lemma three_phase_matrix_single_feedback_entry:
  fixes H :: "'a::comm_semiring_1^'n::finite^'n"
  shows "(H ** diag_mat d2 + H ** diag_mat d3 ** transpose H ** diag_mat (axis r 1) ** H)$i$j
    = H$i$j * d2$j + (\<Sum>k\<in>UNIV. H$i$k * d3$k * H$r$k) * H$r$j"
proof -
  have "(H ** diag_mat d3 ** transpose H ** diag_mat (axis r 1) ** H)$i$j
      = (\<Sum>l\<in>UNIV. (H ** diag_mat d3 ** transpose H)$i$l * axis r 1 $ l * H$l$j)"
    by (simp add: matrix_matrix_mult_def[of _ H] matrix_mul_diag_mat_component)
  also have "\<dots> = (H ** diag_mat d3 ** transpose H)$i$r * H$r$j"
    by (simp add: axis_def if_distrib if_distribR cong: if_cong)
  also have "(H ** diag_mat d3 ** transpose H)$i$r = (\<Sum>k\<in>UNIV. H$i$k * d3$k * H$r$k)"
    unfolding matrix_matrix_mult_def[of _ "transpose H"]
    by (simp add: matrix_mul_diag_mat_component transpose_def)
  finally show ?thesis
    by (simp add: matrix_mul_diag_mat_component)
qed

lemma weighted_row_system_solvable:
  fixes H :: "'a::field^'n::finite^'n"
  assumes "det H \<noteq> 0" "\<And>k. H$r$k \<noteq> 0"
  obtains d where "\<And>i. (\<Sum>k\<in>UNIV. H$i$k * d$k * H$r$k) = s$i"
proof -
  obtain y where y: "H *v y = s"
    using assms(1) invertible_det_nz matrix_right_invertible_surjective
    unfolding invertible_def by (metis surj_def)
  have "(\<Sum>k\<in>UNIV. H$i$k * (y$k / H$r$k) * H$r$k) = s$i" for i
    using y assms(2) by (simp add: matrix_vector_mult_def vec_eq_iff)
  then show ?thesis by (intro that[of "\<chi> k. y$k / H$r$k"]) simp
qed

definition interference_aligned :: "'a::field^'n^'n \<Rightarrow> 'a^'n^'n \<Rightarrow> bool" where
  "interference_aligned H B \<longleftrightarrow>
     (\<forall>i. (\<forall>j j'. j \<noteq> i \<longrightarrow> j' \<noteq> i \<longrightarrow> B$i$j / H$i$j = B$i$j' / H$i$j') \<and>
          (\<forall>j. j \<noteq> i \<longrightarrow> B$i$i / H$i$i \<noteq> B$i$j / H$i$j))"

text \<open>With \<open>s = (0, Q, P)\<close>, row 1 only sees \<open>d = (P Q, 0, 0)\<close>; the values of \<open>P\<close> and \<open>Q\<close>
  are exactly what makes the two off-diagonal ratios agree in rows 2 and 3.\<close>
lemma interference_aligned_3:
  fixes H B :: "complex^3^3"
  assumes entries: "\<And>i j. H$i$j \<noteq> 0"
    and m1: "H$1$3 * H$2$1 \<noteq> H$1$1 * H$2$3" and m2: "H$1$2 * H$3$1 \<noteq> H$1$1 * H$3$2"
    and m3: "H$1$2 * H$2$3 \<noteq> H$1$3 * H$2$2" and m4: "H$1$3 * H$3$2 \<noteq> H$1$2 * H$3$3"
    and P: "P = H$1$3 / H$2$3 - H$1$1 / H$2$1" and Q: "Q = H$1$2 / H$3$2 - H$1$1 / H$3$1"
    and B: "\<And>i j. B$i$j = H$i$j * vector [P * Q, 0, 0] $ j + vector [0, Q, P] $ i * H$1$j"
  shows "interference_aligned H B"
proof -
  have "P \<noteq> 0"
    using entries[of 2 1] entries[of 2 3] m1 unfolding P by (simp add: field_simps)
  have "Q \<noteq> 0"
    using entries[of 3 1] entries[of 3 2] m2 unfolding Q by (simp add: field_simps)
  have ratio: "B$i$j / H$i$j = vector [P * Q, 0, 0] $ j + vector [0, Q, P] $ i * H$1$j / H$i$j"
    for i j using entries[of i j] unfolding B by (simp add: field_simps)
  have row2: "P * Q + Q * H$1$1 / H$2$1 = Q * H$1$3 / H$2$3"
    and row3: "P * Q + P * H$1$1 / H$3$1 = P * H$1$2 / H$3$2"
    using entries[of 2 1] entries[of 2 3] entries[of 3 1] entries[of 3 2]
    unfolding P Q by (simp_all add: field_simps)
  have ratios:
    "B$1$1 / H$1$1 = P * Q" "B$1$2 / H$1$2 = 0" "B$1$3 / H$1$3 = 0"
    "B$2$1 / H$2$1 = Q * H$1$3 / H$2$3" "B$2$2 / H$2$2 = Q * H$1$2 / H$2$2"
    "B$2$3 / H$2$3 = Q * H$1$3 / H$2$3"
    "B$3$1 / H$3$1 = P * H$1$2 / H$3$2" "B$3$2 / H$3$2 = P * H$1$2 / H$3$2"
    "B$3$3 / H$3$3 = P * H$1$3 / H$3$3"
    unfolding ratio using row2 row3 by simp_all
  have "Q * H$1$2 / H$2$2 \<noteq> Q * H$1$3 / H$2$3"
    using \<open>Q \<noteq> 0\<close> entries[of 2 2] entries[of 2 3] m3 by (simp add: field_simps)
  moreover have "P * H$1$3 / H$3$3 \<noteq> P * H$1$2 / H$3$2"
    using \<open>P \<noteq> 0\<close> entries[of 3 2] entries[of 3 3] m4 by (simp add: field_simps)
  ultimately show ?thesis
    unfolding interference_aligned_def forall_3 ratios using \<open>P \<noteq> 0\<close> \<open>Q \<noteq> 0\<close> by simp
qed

------------------------------------

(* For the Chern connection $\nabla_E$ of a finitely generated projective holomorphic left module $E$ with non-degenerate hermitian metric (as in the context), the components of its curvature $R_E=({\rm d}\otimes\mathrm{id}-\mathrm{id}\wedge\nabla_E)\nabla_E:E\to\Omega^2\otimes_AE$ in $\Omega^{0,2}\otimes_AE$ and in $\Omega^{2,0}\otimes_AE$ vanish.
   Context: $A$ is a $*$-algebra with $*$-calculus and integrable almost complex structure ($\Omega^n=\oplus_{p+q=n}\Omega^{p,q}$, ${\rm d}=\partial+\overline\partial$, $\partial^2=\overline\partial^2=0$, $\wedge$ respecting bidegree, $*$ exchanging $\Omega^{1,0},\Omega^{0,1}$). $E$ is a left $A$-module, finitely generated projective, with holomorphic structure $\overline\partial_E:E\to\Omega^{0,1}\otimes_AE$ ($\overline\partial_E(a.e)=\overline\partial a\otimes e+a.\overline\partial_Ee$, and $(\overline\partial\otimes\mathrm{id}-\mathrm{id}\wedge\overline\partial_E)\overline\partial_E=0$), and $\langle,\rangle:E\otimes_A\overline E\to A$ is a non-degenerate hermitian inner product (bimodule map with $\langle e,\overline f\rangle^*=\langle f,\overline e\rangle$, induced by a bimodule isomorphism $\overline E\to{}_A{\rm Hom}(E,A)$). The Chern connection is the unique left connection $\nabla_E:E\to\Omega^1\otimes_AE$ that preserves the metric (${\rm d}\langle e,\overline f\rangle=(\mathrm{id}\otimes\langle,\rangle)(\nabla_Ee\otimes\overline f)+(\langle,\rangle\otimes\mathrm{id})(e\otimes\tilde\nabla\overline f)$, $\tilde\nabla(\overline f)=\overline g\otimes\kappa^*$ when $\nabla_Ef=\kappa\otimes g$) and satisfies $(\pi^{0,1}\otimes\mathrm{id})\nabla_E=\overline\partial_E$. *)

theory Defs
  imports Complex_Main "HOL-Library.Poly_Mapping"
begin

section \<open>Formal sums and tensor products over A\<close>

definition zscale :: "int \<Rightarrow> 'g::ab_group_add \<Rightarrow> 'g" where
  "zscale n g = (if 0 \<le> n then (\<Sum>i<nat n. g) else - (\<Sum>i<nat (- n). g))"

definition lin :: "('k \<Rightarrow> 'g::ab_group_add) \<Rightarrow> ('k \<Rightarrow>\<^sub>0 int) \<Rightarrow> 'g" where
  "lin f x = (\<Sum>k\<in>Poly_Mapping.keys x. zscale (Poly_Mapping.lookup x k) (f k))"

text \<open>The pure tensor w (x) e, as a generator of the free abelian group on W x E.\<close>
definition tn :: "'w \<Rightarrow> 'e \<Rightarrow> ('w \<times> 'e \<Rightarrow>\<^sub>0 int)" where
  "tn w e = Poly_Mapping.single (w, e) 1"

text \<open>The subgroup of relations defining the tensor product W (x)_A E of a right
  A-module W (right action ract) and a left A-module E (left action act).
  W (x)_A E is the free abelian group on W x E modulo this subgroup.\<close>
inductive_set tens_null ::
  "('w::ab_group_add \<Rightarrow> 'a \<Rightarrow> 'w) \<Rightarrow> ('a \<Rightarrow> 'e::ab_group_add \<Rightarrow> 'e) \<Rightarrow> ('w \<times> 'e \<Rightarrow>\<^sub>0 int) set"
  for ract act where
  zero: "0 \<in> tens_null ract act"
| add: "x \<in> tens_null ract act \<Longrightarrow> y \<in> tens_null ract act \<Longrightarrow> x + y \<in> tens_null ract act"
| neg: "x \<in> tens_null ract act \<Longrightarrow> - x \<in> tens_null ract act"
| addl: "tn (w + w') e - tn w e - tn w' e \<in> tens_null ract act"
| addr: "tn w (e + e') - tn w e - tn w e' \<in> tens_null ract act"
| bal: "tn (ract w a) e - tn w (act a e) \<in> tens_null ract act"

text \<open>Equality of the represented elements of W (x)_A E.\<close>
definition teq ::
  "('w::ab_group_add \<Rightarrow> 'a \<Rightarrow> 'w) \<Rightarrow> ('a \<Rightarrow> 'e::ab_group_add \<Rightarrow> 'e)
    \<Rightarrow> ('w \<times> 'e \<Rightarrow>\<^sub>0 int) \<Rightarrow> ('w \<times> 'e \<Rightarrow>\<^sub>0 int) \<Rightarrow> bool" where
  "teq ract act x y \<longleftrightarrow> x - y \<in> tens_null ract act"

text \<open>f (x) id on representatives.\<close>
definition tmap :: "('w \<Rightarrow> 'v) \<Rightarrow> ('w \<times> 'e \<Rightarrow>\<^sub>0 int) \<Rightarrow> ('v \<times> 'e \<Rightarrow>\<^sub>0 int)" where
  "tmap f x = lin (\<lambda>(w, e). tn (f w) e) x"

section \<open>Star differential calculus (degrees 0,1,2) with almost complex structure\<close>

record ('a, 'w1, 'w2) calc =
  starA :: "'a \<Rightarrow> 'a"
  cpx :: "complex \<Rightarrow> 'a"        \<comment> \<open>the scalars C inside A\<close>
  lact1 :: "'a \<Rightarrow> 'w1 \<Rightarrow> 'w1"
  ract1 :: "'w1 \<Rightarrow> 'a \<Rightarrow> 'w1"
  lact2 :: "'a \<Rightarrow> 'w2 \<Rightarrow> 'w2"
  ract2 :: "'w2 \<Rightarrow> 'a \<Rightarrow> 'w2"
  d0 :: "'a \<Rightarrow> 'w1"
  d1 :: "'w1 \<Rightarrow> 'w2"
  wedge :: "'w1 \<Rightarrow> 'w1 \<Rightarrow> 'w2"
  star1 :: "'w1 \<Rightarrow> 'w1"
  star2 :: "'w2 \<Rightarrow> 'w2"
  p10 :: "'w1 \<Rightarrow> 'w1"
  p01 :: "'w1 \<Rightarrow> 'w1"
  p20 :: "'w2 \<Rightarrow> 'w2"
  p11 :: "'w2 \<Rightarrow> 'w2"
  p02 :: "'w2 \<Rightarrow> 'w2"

------------------------------------

What you will do: Exactly how many lines in the data above contain the word "subgroup"? Respond with the number and nothing more.

Reply to the task: 2